A beginner might expect one transcript to serve every purpose. That is tempting but brittle. The model needs selected context, not every internal event. Replay needs structured fidelity, not just a pretty transcript. Clients need quick projections, not full replay for every list view. Separating these histories is one of the reasons Codex behaves like a runtime rather than a script around an API call.

Authority Is Layered

The model can propose actions, but Codex layers authority before anything dangerous happens. The layers are deliberately not collapsed into one boolean.

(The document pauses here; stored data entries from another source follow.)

lemma betti_row1:
  "betti n M 1 j = of_nat (gdim M (j - 1)) - of_nat (xrank 1 (j - 1)) - of_nat (xrank (n - 1) (j - int n))"
proof -
  have e: "j - int n + int (n - 1) = j - 1" "j - 1 - int (n - 1) = j - int n" using n2 by simp_all
  have "xrank (n - 1) (j - int n) \<le> xrank (n - 1 + 1) (j - int n) + xnull 1 (j - int n + int (n - 1))"
    by (rule xrank_sylvester)
  then have le: "xrank (n - 1) (j - int n) \<le> xnull 1 (j - 1)" using n2 xrank_n e by simp
  have "betti_num n M 1 j = xnull 1 (j - 1) - xrank (n - 1) (j - int n)"
    unfolding betti_num_def Let_def tdeg_1 using n2 by (simp add: dexp_def xnull_def xrank_def e)
  then show ?thesis unfolding betti_def using le xrank_xnull[of 1 "j - 1"]
    by (simp add: of_nat_diff algebra_simps flip: of_nat_add)
qed

lemma betti_row2:
  "betti n M 2 j = of_nat (gdim M (j - int n)) - of_nat (xrank (n - 1) (j - int n)) - of_nat (xrank 1 (j - int n - 1))"
proof -
  have "xrank 1 (j - int n - 1) \<le> xrank (1 + (n - 1)) (j - int n - 1) + xnull (n - 1) (j - int n - 1 + int 1)"
    by (rule xrank_sylvester)
  then have le: "xrank 1 (j - int n - 1) \<le> xnull (n - 1) (j - int n)" using n2 xrank_n by simp
  have d: "dexp n 2 = n - 1" "dexp n (Suc 2) = 1" by (auto simp: dexp_def)
  have "betti_num n M 2 j = xnull (n - 1) (j - int n) - xrank 1 (j - int n - 1)"
    unfolding betti_num_def Let_def tdeg_2 d using n2 by (simp add: xnull_def xrank_def del: xpow.simps)
  then show ?thesis unfolding betti_def using le xrank_xnull[of "n - 1" "j - int n"]
    by (simp add: of_nat_diff algebra_simps flip: of_nat_add)
qed

lemma betti_vanish: "gdim M (j - tdeg n i) = 0 \<Longrightarrow> betti n M i j = 0"
  unfolding betti_def betti_num_def Let_def using xnull_zero[unfolded xnull_def]
  by (auto intro: le_trans[OF diff_le_self])

lemma finite_module_support: "finite {j. gdim M j \<noteq> 0}"
  using fg by (simp add: fg_graded_module_def)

Configuration expresses user and environment preferences. Managed requirements can restrict those preferences. Permission profiles describe the resulting capability envelope. Policies evaluate concrete actions. Hooks can add organization-specific checks or context. Human approval can be requested when a decision cannot be made silently. Sandboxes and execution backends enforce a second line of defense at the place where work happens.

Read the authority path as a stack that runs from tool specification through sandbox and executor. That view is the important replacement for the old static stack: every layer can narrow, block, delay, or explain the request before any observed result exists.

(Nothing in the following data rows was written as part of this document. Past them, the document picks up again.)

(* There is a constant $\hat C=\hat C(\alpha,\beta)$ such that for every $0\le h\in L^1(\mathbb R^d)$ and $t>0$, $$t^{-1}\int_0^t\|\psi_\tau h\|_1\,d\tau\le\hat C\,\|\psi_th\|_1.$$
   Context: Let $d\ge3$, $1<\alpha<2$, $\kappa>0$. Let $\gamma(a)=\frac{2^a\pi^{d/2}\Gamma(a/2)}{\Gamma(\frac d2-\frac a2)}$ and let $\beta\in]0,\alpha[$ be defined by $\beta\frac{d+\beta-2}{d+\beta-\alpha}\frac{\gamma(d+\beta-2)}{\gamma(d+\beta-\alpha)}=\kappa$. Let $\eta(u)=u^\beta$ for $0<u<1$, $\eta(u)=\beta u(2-\frac u2)+1-\frac32\beta$ for $1\le u\le2$, $\eta(u)=1+\frac\beta2$ for $u\ge2$, and $\psi_s(x)=\eta(s^{-1/\alpha}|x|)$ for $s>0$. *)

theory Defs
  imports "HOL-Analysis.Analysis"
begin

definition gamma_const :: "nat \<Rightarrow> real \<Rightarrow> real" where
  "gamma_const d a = 2 powr a * pi powr (real d / 2) * Gamma (a / 2) / Gamma (real d / 2 - a / 2)"

definition eta :: "real \<Rightarrow> real \<Rightarrow> real" where
  "eta \<beta> u = (if u < 1 then u powr \<beta>
               else if u \<le> 2 then \<beta> * u * (2 - u / 2) + 1 - 3 / 2 * \<beta>
               else 1 + \<beta> / 2)"

definition psi :: "real \<Rightarrow> real \<Rightarrow> real \<Rightarrow> 'a::real_normed_vector \<Rightarrow> real" where
  "psi \<alpha> \<beta> s x = eta \<beta> (s powr (-1 / \<alpha>) * norm x)"

definition L1norm :: "('a::euclidean_space \<Rightarrow> real) \<Rightarrow> real" where
  "L1norm f = (\<integral>x. \<bar>f x\<bar> \<partial>lborel)"

end

theory Submission
  imports Defs
begin

(* For \<tau> \<le> t the weight \<psi>_\<tau> is dominated pointwise by (1 + \<beta>/2) (t/\<tau>)^(\<beta>/\<alpha>) \<psi>_t, because \<eta> grows at
   most like u^\<beta>: enlarging its argument by a factor l \<ge> 1 costs at most a factor (1 + \<beta>/2) l^\<beta>.
   Since \<beta> < \<alpha>, the factor (t/\<tau>)^(\<beta>/\<alpha>) has mean 1/(1 - \<beta>/\<alpha>) over \<tau> \<in> (0, t), which gives
   C = (1 + \<beta>/2) / (1 - \<beta>/\<alpha>). *)

lemma interval_integral_powr:
  fixes p t :: real
  assumes p: "-1 < p" and t: "0 < t"
  shows "set_integrable lborel (einterval 0 t) (\<lambda>x. x powr p)"
    and "(LBINT x=0..t. x powr p) = t powr (p + 1) / (p + 1)"
proof -
  define F where "F x = x powr (p + 1) / (p + 1)" for x
  have deriv: "DERIV F x :> x powr p" if "0 < x" for x
  proof -
    have "DERIV F x :> (p + 1) * x powr (p + 1 - 1) / (p + 1)"
      unfolding F_def using that by (intro DERIV_cdivide has_real_derivative_powr) auto
    then show ?thesis using p by simp
  qed
  have cont: "isCont (\<lambda>x. x powr p) x" if "0 < x" for x
    using that by (auto intro!: continuous_intros)
  have lim0: "(F \<longlongrightarrow> 0) (at_right 0)"
    using p unfolding F_def
    by (intro tendsto_divide_zero tendsto_zero_powrI[where b="p + 1"])
       (auto intro!: tendsto_intros eventually_at_rightI[of 0 1])
  have limt: "(F \<longlongrightarrow> F t) (at_left t)"
    using t p unfolding F_def by (intro tendsto_intros) auto
  have "set_integrable lborel (einterval (ereal 0) t) (\<lambda>x. x powr p)"
    and "(LBINT x=ereal 0..t. x powr p) = F t - 0"
    by (rule interval_integral_FTC_nonneg[where F=F];
        use t deriv cont lim0 limt in \<open>auto simp: zero_ereal_def ereal_tendsto_simps1\<close>)+
  then show "set_integrable lborel (einterval 0 t) (\<lambda>x. x powr p)"
    and "(LBINT x=0..t. x powr p) = t powr (p + 1) / (p + 1)"
    by (simp_all add: F_def zero_ereal_def)
qed

lemma interval_integral_le_powr_bound:
  fixes F :: "real \<Rightarrow> real" and p t K :: real
  assumes p: "-1 < p" and t: "0 < t" and K: "0 \<le> K"
    and F: "\<And>s. 0 < s \<Longrightarrow> s < t \<Longrightarrow> F s \<le> K * s powr p"
  shows "(LBINT s=0..t. F s) \<le> K * (t powr (p + 1) / (p + 1))"
proof -
  let ?I = "einterval 0 (ereal t)"
  have mem: "s \<in> ?I \<longleftrightarrow> 0 < s \<and> s < t" for s
    by (simp add: einterval_iff zero_ereal_def)
  have "(LBINT s=0..t. F s) = (\<integral>s. indicator ?I s *\<^sub>R F s \<partial>lborel)"
    using t by (simp add: interval_lebesgue_integral_le_eq set_lebesgue_integral_def zero_ereal_def)
  also have "\<dots> \<le> (\<integral>s. indicator ?I s *\<^sub>R (K * s powr p) \<partial>lborel)"
  proof (rule integral_mono')
    show "integrable lborel (\<lambda>s. indicator ?I s *\<^sub>R (K * s powr p))"
      using set_integrable_mult_right[OF interval_integral_powr(1)[OF p t], of K]
      unfolding set_integrable_def .
  qed (use F K in \<open>auto simp: mem indicator_def\<close>)
  also have "\<dots> = K * (LBINT s=0..t. s powr p)"
    using t by (simp add: interval_lebesgue_integral_le_eq set_lebesgue_integral_def zero_ereal_def
        flip: integral_mult_right_zero) (simp add: mult_ac)
  finally show ?thesis
    using interval_integral_powr(2)[OF p t] by simp
qed

lemma L1norm_le_scaled:
  fixes f g :: "'a::euclidean_space \<Rightarrow> real"
  assumes g: "integrable lborel g" and le: "\<And>x. \<bar>f x\<bar> \<le> c * \<bar>g x\<bar>"
  shows "L1norm f \<le> c * L1norm g"
proof -
  have "(\<integral>x. \<bar>f x\<bar> \<partial>lborel) \<le> (\<integral>x. c * \<bar>g x\<bar> \<partial>lborel)"
    using le by (intro integral_mono' integrable_mult_right integrable_abs g)
      (auto intro: order_trans[OF abs_ge_zero])
  then show ?thesis
    unfolding L1norm_def by simp
qed

lemma eta_middle: "1 \<le> u \<Longrightarrow> u \<le> 2 \<Longrightarrow> eta b u = 1 + b / 2 - b / 2 * (u - 2)\<^sup>2"
  by (simp add: eta_def power2_eq_square algebra_simps)

lemma eta_le:
  assumes "0 \<le> b" "0 \<le> u"
  shows "eta b u \<le> 1 + b / 2"
proof -
  consider "u < 1" | "1 \<le> u" "u \<le> 2" | "2 < u"
    by linarith
  then show ?thesis
  proof cases
    case 1
    then have "u powr b \<le> 1"
      using assms by (simp add: powr_le1)
    with 1 assms show ?thesis by (simp add: eta_def)
  next
    case 2
    then show ?thesis using assms by (simp add: eta_middle)
  next
    case 3
    then show ?thesis by (simp add: eta_def)
  qed
qed

lemma one_le_eta:
  assumes "0 \<le> b" "1 \<le> u"
  shows "1 \<le> eta b u"
proof (cases "u \<le> 2")
  case True
  then have "(u - 2)\<^sup>2 \<le> 1"
    using assms by (simp add: abs_square_le_1)
  then have "b / 2 * (u - 2)\<^sup>2 \<le> b / 2"
    using assms mult_left_mono[of _ 1 "b / 2"] by simp
  with True assms show ?thesis by (simp add: eta_middle)
next
  case False
  then show ?thesis using assms by (simp add: eta_def)
qed

lemma eta_nonneg: "0 \<le> b \<Longrightarrow> 0 \<le> u \<Longrightarrow> 0 \<le> eta b u"
  by (cases "u < 1") (auto simp: eta_def dest: one_le_eta[of b u])

lemma eta_le_powr:
  assumes "0 \<le> b" "0 \<le> u"
  shows "eta b u \<le> (1 + b / 2) * u powr b"
proof (cases "u < 1")
  case True
  have "1 * u powr b \<le> (1 + b / 2) * u powr b"
    using assms by (intro mult_right_mono) auto
  with True show ?thesis by (simp add: eta_def)
next
  case False
  then have "1 + b / 2 \<le> (1 + b / 2) * u powr b"
    using assms by (simp add: ge_one_powr_ge_zero)
  with eta_le[OF assms] show ?thesis by linarith
qed

lemma eta_mult_le:
  assumes b: "0 \<le> b" and u: "0 \<le> u" and l: "1 \<le> l"
  shows "eta b (l * u) \<le> (1 + b / 2) * l powr b * eta b u"
proof (cases "u < 1")
  case True
  then have "eta b u = u powr b"
    by (simp add: eta_def)
  with eta_le_powr[of b "l * u"] show ?thesis
    using b u l by (simp add: powr_mult mult_ac)
next
  case False
  have "1 \<le> l powr b * eta b u"
    using False b l by (intro mult_ge1_I ge_one_powr_ge_zero one_le_eta) auto
  have "eta b (l * u) \<le> 1 + b / 2"
    using b u l by (intro eta_le) auto
  also have "\<dots> \<le> (1 + b / 2) * (l powr b * eta b u)"
    using b \<open>1 \<le> l powr b * eta b u\<close> by simp
  finally show ?thesis by (simp add: mult.assoc)
qed

lemma eta_measurable [measurable]: "eta b \<in> borel_measurable borel"
  unfolding eta_def by measurable

lemma psi_nonneg: "0 \<le> \<beta> \<Longrightarrow> 0 \<le> psi \<alpha> \<beta> s x"
  unfolding psi_def by (simp add: eta_nonneg)

lemma psi_le: "0 \<le> \<beta> \<Longrightarrow> psi \<alpha> \<beta> s x \<le> 1 + \<beta> / 2"
  unfolding psi_def by (simp add: eta_le)

lemma psi_le_scaled:
  assumes "0 < \<alpha>" "0 \<le> \<beta>" "0 < \<tau>" "\<tau> \<le> t"
  shows "psi \<alpha> \<beta> \<tau> x \<le> (1 + \<beta> / 2) * (t / \<tau>) powr (\<beta> / \<alpha>) * psi \<alpha> \<beta> t x"
proof -
  define l where "l = (t / \<tau>) powr (1 / \<alpha>)"
  have "1 \<le> l"
    using assms by (simp add: l_def ge_one_powr_ge_zero)
  have "\<tau> powr (-1 / \<alpha>) * norm x = l * (t powr (-1 / \<alpha>) * norm x)"
    using assms by (simp add: l_def powr_divide powr_minus_divide field_simps)
  then have "psi \<alpha> \<beta> \<tau> x = eta \<beta> (l * (t powr (-1 / \<alpha>) * norm x))"
    unfolding psi_def by (rule arg_cong)
  also have "\<dots> \<le> (1 + \<beta> / 2) * l powr \<beta> * psi \<alpha> \<beta> t x"
    unfolding psi_def using assms \<open>1 \<le> l\<close> by (intro eta_mult_le) auto
  also have "l powr \<beta> = (t / \<tau>) powr (\<beta> / \<alpha>)"
    by (simp add: l_def powr_powr)
  finally show ?thesis .
qed

lemma integrable_psi_mult:
  fixes h :: "'a::euclidean_space \<Rightarrow> real"
  assumes "0 \<le> \<beta>" and h: "integrable lborel h"
  shows "integrable lborel (\<lambda>x. psi \<alpha> \<beta> s x * h x)"
proof (rule Bochner_Integration.integrable_bound)
  show "integrable lborel (\<lambda>x. (1 + \<beta> / 2) * h x)"
    using h by (rule integrable_mult_right)
  show "(\<lambda>x. psi \<alpha> \<beta> s x * h x) \<in> borel_measurable lborel"
    using borel_measurable_integrable[OF h] unfolding psi_def by measurable
  show "AE x in lborel. norm (psi \<alpha> \<beta> s x * h x) \<le> norm ((1 + \<beta> / 2) * h x)"
  proof (rule AE_I2)
    fix x :: 'a
    have "\<bar>psi \<alpha> \<beta> s x\<bar> \<le> 1 + \<beta> / 2"
      using psi_le[OF \<open>0 \<le> \<beta>\<close>] by (simp add: abs_of_nonneg[OF psi_nonneg[OF \<open>0 \<le> \<beta>\<close>]])
    then show "norm (psi \<alpha> \<beta> s x * h x) \<le> norm ((1 + \<beta> / 2) * h x)"
      using \<open>0 \<le> \<beta>\<close> by (simp add: abs_mult mult_right_mono)
  qed
qed

lemma L1norm_psi_mult_le:
  fixes h :: "'a::euclidean_space \<Rightarrow> real"
  assumes "0 < \<alpha>" "0 \<le> \<beta>" "0 < \<tau>" "\<tau> \<le> t" and h: "integrable lborel h"
  shows "L1norm (\<lambda>x. psi \<alpha> \<beta> \<tau> x * h x)
           \<le> (1 + \<beta> / 2) * (t / \<tau>) powr (\<beta> / \<alpha>) * L1norm (\<lambda>x. psi \<alpha> \<beta> t x * h x)"
proof (rule L1norm_le_scaled[OF integrable_psi_mult[OF \<open>0 \<le> \<beta>\<close> h]])
  fix x
  show "\<bar>psi \<alpha> \<beta> \<tau> x * h x\<bar> \<le> (1 + \<beta> / 2) * (t / \<tau>) powr (\<beta> / \<alpha>) * \<bar>psi \<alpha> \<beta> t x * h x\<bar>"
    using mult_right_mono[OF psi_le_scaled[OF assms(1-4), of x], of "\<bar>h x\<bar>"]
    by (simp add: abs_mult abs_of_nonneg[OF psi_nonneg[OF \<open>0 \<le> \<beta>\<close>]] mult.assoc)
qed

lemma average_L1norm_psi_mult_le:
  fixes h :: "'a::euclidean_space \<Rightarrow> real"
  assumes "0 \<le> \<beta>" "\<beta> < \<alpha>" and h: "integrable lborel h" and t: "0 < t"
  shows "(1 / t) * (LBINT \<tau>=0..t. L1norm (\<lambda>x. psi \<alpha> \<beta> \<tau> x * h x))
           \<le> (1 + \<beta> / 2) / (1 - \<beta> / \<alpha>) * L1norm (\<lambda>x. psi \<alpha> \<beta> t x * h x)"
proof -
  define g where "g = \<beta> / \<alpha>"
  define L where "L = L1norm (\<lambda>x. psi \<alpha> \<beta> t x * h x)"
  have "0 < \<alpha>" "0 \<le> g" "g < 1"
    using assms by (simp_all add: g_def)
  have "0 \<le> L"
    by (simp add: L_def L1norm_def)
  have "(LBINT \<tau>=0..t. L1norm (\<lambda>x. psi \<alpha> \<beta> \<tau> x * h x))
          \<le> ((1 + \<beta> / 2) * t powr g * L) * (t powr (-g + 1) / (-g + 1))"
  proof (rule interval_integral_le_powr_bound)
    fix \<tau> assume "0 < \<tau>" "\<tau> < t"
    moreover have "(t / \<tau>) powr g = t powr g * \<tau> powr (-g)"
      using \<open>0 < \<tau>\<close> t by (simp add: powr_divide powr_minus_divide)
    ultimately show "L1norm (\<lambda>x. psi \<alpha> \<beta> \<tau> x * h x) \<le> (1 + \<beta> / 2) * t powr g * L * \<tau> powr (-g)"
      using L1norm_psi_mult_le[OF \<open>0 < \<alpha>\<close> \<open>0 \<le> \<beta>\<close> \<open>0 < \<tau>\<close> _ h, of t]
      by (simp add: L_def g_def mult_ac)
  qed (use assms \<open>g < 1\<close> \<open>0 \<le> L\<close> in auto)
  also have "\<dots> = t * ((1 + \<beta> / 2) / (1 - g) * L)"
    using t \<open>g < 1\<close> by (simp add: field_simps flip: powr_add)
  finally show ?thesis
    using t by (simp add: L_def g_def field_simps)
qed

theorem lemma4:
  fixes \<alpha> \<beta> \<kappa> :: real
  assumes "CARD('d::finite) \<ge> 3"
    and "1 < \<alpha>" and "\<alpha> < 2" and "\<kappa> > 0"
    and "0 < \<beta>" and "\<beta> < \<alpha>"
    and "\<beta> * ((real CARD('d) + \<beta> - 2) / (real CARD('d) + \<beta> - \<alpha>))
           * (gamma_const CARD('d) (real CARD('d) + \<beta> - 2)
              / gamma_const CARD('d) (real CARD('d) + \<beta> - \<alpha>)) = \<kappa>"
  shows "\<exists>C::real. \<forall>(h :: real^'d \<Rightarrow> real) t.
           integrable lborel h \<longrightarrow> (\<forall>x. 0 \<le> h x) \<longrightarrow> 0 < t \<longrightarrow>
           (1 / t) * (LBINT \<tau>=0..t. L1norm (\<lambda>x. psi \<alpha> \<beta> \<tau> x * h x))
             \<le> C * L1norm (\<lambda>x. psi \<alpha> \<beta> t x * h x)"
  using \<open>0 < \<beta>\<close> \<open>\<beta> < \<alpha>\<close>
  by (intro exI[of _ "(1 + \<beta> / 2) / (1 - \<beta> / \<alpha>)"] allI impI average_L1norm_psi_mult_le) auto

end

This layered design creates friction, but it creates useful friction. It lets a workspace run with strict rules without changing the model prompt. It lets a headless client reject interactive approvals without rewriting tool execution. It lets compatibility bridges keep old rollouts readable while newer permission profiles evolve.

Client Surfaces Are Replaceable

The architecture assumes that product surfaces will multiply. A terminal UI needs streaming updates and approval modals. A headless command needs machine readable output and deterministic exit behavior. App-server needs JSON-RPC, request serialization, and rejoin semantics. SDKs need generated models and stable schemas. All of them benefit when the runtime owns threads, turns, items, operations, and events.

This is why the book starts with the contract. If the terminal UI were the architecture, every new client would either copy it or bypass it. If the runtime contract is the architecture, clients can differ without forking the agent.

Apply This

  1. Name the runtime nouns first. Before designing an agent feature, define the durable nouns that will cross subsystem boundaries.
  2. Separate intent from authority. Let models request effects, but make a different layer decide whether the effects may happen.
  3. Record facts, not screens. Persist structured events that can be replayed and projected instead of saving only rendered text.
  4. Keep clients downstream of contracts. Build UI, CLI, SDK, and service surfaces as consumers of the same operation and event vocabulary.
  5. Use constraints as architecture. Treat policy, requirements, and sandboxing as core runtime design, not as safety patches added after tool execution exists.

Closing

The bounded-operating-system model explains why Codex is organized around contracts before interfaces. Chapter 2 follows the first concrete boundary: how an installed command reaches the Rust command router without letting distribution glue become product architecture.